▶ _Task description_
Each entry below has to be written out again exactly.

▶ _Data extract_
......
lemma wlen_witness:
  assumes "set (map fst w) \<subseteq> S"
  obtains v where "set (map fst v) \<subseteq> S" "length v = wlen G S (weval G id w)"
    "weval G id v = weval G id w"
proof -
  have "\<exists>v. set (map fst v) \<subseteq> S \<and> length v = wlen G S (weval G id w) \<and>
      weval G id v = weval G id w"
    unfolding wlen_def by (rule LeastI_ex) (use assms in blast)
  with that show ?thesis by blast
qed

lemma glen_le: "set (map fst w') \<subseteq> S \<Longrightarrow> pres_eq Rel w w' \<Longrightarrow> glen Rel S w \<le> length w'"
  unfolding glen_def by (rule Least_le) blast

lemma glen_witness:
  assumes "set (map fst w) \<subseteq> S"
  obtains w' where "set (map fst w') \<subseteq> S" "length w' = glen Rel S w" "pres_eq Rel w w'"
proof -
  have "\<exists>w'. set (map fst w') \<subseteq> S \<and> length w' = glen Rel S w \<and> pres_eq Rel w w'"
    unfolding glen_def by (rule LeastI_ex) (use assms pres_eq.refl in blast)
  with that show ?thesis by blast
qed

lemma free_basis_trivial_word:
  assumes "free_basis G D" and "reduced_word w" and "set (map fst w) \<subseteq> D"
    and "weval G id w = \<one>\<^bsub>G\<^esub>"
  shows "w = []"
  using assms unfolding free_basis_def by blast

context group
begin

lemma weval_closed: "h ` set (map fst w) \<subseteq> carrier G \<Longrightarrow> weval G h w \<in> carrier G"
  by (induction w) auto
......
▶ _Written solution_
lemma wlen_witness:
  assumes "set (map fst w) \<subseteq> S"
  obtains v where "set (map fst v) \<subseteq> S" "length v = wlen G S (weval G id w)"
    "weval G id v = weval G id w"
proof -
  have "\<exists>v. set (map fst v) \<subseteq> S \<and> length v = wlen G S (weval G id w) \<and>
      weval G id v = weval G id w"
    unfolding wlen_def by (rule LeastI_ex) (use assms in blast)
  with that show ?thesis by blast
qed

lemma glen_le: "set (map fst w') \<subseteq> S \<Longrightarrow> pres_eq Rel w w' \<Longrightarrow> glen Rel S w \<le> length w'"
  unfolding glen_def by (rule Least_le) blast

lemma glen_witness:
  assumes "set (map fst w) \<subseteq> S"
  obtains w' where "set (map fst w') \<subseteq> S" "length w' = glen Rel S w" "pres_eq Rel w w'"
proof -
  have "\<exists>w'. set (map fst w') \<subseteq> S \<and> length w' = glen Rel S w \<and> pres_eq Rel w w'"
    unfolding glen_def by (rule LeastI_ex) (use assms pres_eq.refl in blast)
  with that show ?thesis by blast
qed

lemma free_basis_trivial_word:
  assumes "free_basis G D" and "reduced_word w" and "set (map fst w) \<subseteq> D"
    and "weval G id w = \<one>\<^bsub>G\<^esub>"
  shows "w = []"
  using assms unfolding free_basis_def by blast

context group
begin

lemma weval_closed: "h ` set (map fst w) \<subseteq> carrier G \<Longrightarrow> weval G h w \<in> carrier G"
  by (induction w) auto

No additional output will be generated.